Normalize the input features using the sklearn StandardScaler. This will set the mean to 0 and standard deviation to 1.

Note: The StandardScaler is only fit using the train_features to be sure the model is not peeking at the validation or test sets.

In [None]:
scaler = StandardScaler()
data_training = scaler.fit_transform(data_training)
data_testing = scaler.transform(data_testing)

data_training = np.clip(data_training, -5, 5)
data_testing = np.clip(data_testing, -5, 5)


print('Training labels shape:', response_training.shape)
print('Test labels shape:', response_testing.shape)

print('Training features shape:', data_training.shape)
print('Test features shape:', data_testing.shape)

<a id="3_1"></a>

# Define the model and the metrics

### Understanding useful metrics

Notice that there are a few metrics defined above that can be computed by the model that will be helpful when evaluating the performance.



*   **False** negatives and **false** positives are samples that were **incorrectly** classified
*   **True** negatives and **true** positives are samples that were **correctly** classified
*   **Accuracy** is the percentage of examples correctly classified
>   $\frac{\text{true samples}}{\text{total samples}}$
*   **Precision** is the percentage of **predicted** positives that were correctly classified
>   $\frac{\text{true positives}}{\text{true positives + false positives}}$
*   **Recall** is the percentage of **actual** positives that were correctly classified
>   $\frac{\text{true positives}}{\text{true positives + false negatives}}$
*   **AUC** refers to the Area Under the Curve of a Receiver Operating Characteristic curve (ROC-AUC).
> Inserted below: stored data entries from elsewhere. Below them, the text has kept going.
(* Let $S=(s_{ij})$ be an irreducible $k\times k$ matrix with nonnegative integer entries. If the system of equations $n_is_{ij}=n_js_{ji}$ ($1\le i,j\le k$) has a non-trivial solution $(n_1,\dots,n_k)$, then there exists a connected $S$-regular graph.
   Context: A square matrix is irreducible if its associated directed graph (an arc $i\to j$ iff the $(i,j)$ entry is nonzero) is strongly connected. A simple undirected graph $G=(V,E)$ is $S$-regular if $V$ has a partition into nonempty cells $V_1,\dots,V_k$ such that every vertex $v\in V_i$ has exactly $s_{ij}$ neighbours in $V_j$, for all $i,j$. *)

theory Defs
  imports Complex_Main
begin

text \<open>A k x k matrix is represented as S :: nat => nat => nat, indices in {0..<k}.\<close>

definition mat_digraph :: "nat \<Rightarrow> (nat \<Rightarrow> nat \<Rightarrow> nat) \<Rightarrow> (nat \<times> nat) set" where
  "mat_digraph k S = {(i, j). i < k \<and> j < k \<and> S i j \<noteq> 0}"

definition irreducible_mat :: "nat \<Rightarrow> (nat \<Rightarrow> nat \<Rightarrow> nat) \<Rightarrow> bool" where
  "irreducible_mat k S \<longleftrightarrow> (\<forall>i<k. \<forall>j<k. (i, j) \<in> (mat_digraph k S)\<^sup>*)"

definition simple_graph :: "'a set \<Rightarrow> ('a \<Rightarrow> 'a \<Rightarrow> bool) \<Rightarrow> bool" where
  "simple_graph V E \<longleftrightarrow> finite V \<and> (\<forall>u v. E u v \<longrightarrow> u \<in> V \<and> v \<in> V)
     \<and> (\<forall>u v. E u v \<longrightarrow> E v u) \<and> (\<forall>v. \<not> E v v)"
This metric is equal to the probability that a classifier will rank a random positive sample higher than a random negative sample.
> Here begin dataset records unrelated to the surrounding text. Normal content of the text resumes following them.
lemma cr_ideal_add_multiples:
  assumes I: "cr_ideal I"
  shows "cr_ideal {m + r * a |m r. m \<in> I}" (is "cr_ideal ?X")
  unfolding cr_ideal_def
proof (intro conjI ballI allI)
  have "0 = 0 + 0 * a" "0 \<in> I" using I by (simp_all add: cr_ideal_def)
  then show "0 \<in> ?X" by blast
next
  fix x y assume "x \<in> ?X" "y \<in> ?X"
  then obtain m r m' r' where "x = m + r * a" "y = m' + r' * a" "m \<in> I" "m' \<in> I" by blast
  moreover have "x + y = (m + m') + (r + r') * a" using calculation by (simp add: algebra_simps)
  moreover have "m + m' \<in> I" using calculation I unfolding cr_ideal_def by blast
  ultimately show "x + y \<in> ?X" by blast
next
  fix s x assume "x \<in> ?X"
  then obtain m r where "x = m + r * a" "m \<in> I" by blast
  moreover have "s * x = s * m + (s * r) * a" using calculation by (simp add: algebra_simps)
  moreover have "s * m \<in> I" using calculation I unfolding cr_ideal_def by blast
  ultimately show "s * x \<in> ?X" by blast
qed

lemma cr_prime_ideal_if_maximal_avoiding:
  assumes M: "cr_ideal M" "M \<inter> S = {}"
    and S: "1 \<in> S" "\<And>a b. a \<in> S \<Longrightarrow> b \<in> S \<Longrightarrow> a * b \<in> S"
    and maximal: "\<And>X. cr_ideal X \<Longrightarrow> M \<subseteq> X \<Longrightarrow> X \<inter> S = {} \<Longrightarrow> X = M"
  shows "cr_prime_ideal M"
proof -
  have meets_S: "\<exists>m\<in>M. \<exists>r. m + r * a \<in> S" if "a \<notin> M" for a
  proof (rule ccontr)
    define X where "X = {m + r * a |m r. m \<in> M}"
    assume "\<not> (\<exists>m\<in>M. \<exists>r. m + r * a \<in> S)"
    then have "X \<inter> S = {}" unfolding X_def by blast
    moreover have "M \<subseteq> X"
    proof
      fix m assume "m \<in> M"
      moreover have "m = m + 0 * a" by simp
      ultimately show "m \<in> X" unfolding X_def by blast
    qed
    moreover have "cr_ideal X" unfolding X_def by (rule cr_ideal_add_multiples[OF M(1)])
    ultimately have "X = M" by (intro maximal)
    moreover have "a = 0 + 1 * a" "0 \<in> M" using M(1) by (simp_all add: cr_ideal_def)
    then have "a \<in> X" unfolding X_def by blast
    ultimately show False using \<open>a \<notin> M\<close> by blast
  qed
  show ?thesis
    unfolding cr_prime_ideal_def
  proof (intro conjI allI impI)
    show "cr_ideal M" by (rule M(1))
    show "M \<noteq> UNIV" using M(2) S(1) by blast
    fix a b assume ab: "a * b \<in> M"
    show "a \<in> M \<or> b \<in> M"
    proof (rule ccontr)
      assume "\<not> (a \<in> M \<or> b \<in> M)"
      then obtain m r m' r' where m: "m \<in> M" "m' \<in> M" and S_elems: "m + r * a \<in> S" "m' + r' * b \<in> S"
        using meets_S by blast
      have "(m' + r' * b) * m \<in> M" "(r * a) * m' \<in> M" "(r * r') * (a * b) \<in> M"
        using M(1) m ab unfolding cr_ideal_def by blast+
      then have "(m' + r' * b) * m + (r * a) * m' + (r * r') * (a * b) \<in> M"
        using M(1) unfolding cr_ideal_def by blast
      moreover have "(m + r * a) * (m' + r' * b) = (m' + r' * b) * m + (r * a) * m' + (r * r') * (a * b)"
        by (simp add: algebra_simps)
      moreover have "(m + r * a) * (m' + r' * b) \<in> S" using S(2) S_elems .
      ultimately show False using M(2) by auto
    qed
  qed
qed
Note: Accuracy is not a helpful metric for this task. You can 99.8%+ accuracy on this task by predicting False all the time.  

Read more:
*  [True vs. False and Positive vs. Negative](https://developers.google.com/machine-learning/crash-course/classification/true-false-positive-negative)
*  [Accuracy](https://developers.google.com/machine-learning/crash-course/classification/accuracy)
*   [Precision and Recall](https://developers.google.com/machine-learning/crash-course/classification/precision-and-recall)
*   [ROC-AUC](https://developers.google.com/machine-learning/crash-course/classification/roc-and-auc)

In [None]:
METRICS = [
      tf.keras.metrics.TruePositives(name='tp'),
      tf.keras.metrics.FalsePositives(name='fp'),
      tf.keras.metrics.TrueNegatives(name='tn'),
      tf.keras.metrics.FalseNegatives(name='fn'), 
      tf.keras.metrics.BinaryAccuracy(name='accuracy'),
      tf.keras.metrics.Precision(name='precision'),
      tf.keras.metrics.Recall(name='recall'),
      tf.keras.metrics.AUC(name='auc'),
]

def make_model(metrics = METRICS, output_bias=None):
  if output_bias is not None:
    output_bias = tf.keras.initializers.Constant(output_bias)
  model = tf.keras.Sequential([
      tf.keras.layers.Dense(16, activation='relu'),
      tf.keras.layers.Dense(1, activation='sigmoid',
                         bias_initializer=output_bias),
  ])

  model.compile(
      optimizer=tf.keras.optimizers.Adam(lr=1e-3),
      loss=tf.keras.losses.BinaryCrossentropy(),
      metrics=metrics)

  return model


In [None]:
EPOCHS = 100
BATCH_SIZE = 2000

early_stopping = tf.keras.callbacks.EarlyStopping(
    monitor='val_auc', 
    verbose=1,
    patience=10,
    mode='max',
    restore_best_weights=True)

<a id="3_2"></a>

# Set the correct initial bias

The dataset is imbalanced. Set the output layer's bias to reflect that (See: [A Recipe for Training Neural Networks: "init well"](http://karpathy.github.io/2019/04/25/recipe/#2-set-up-the-end-to-end-trainingevaluation-skeleton--get-dumb-baselines)). This can help with initial convergence.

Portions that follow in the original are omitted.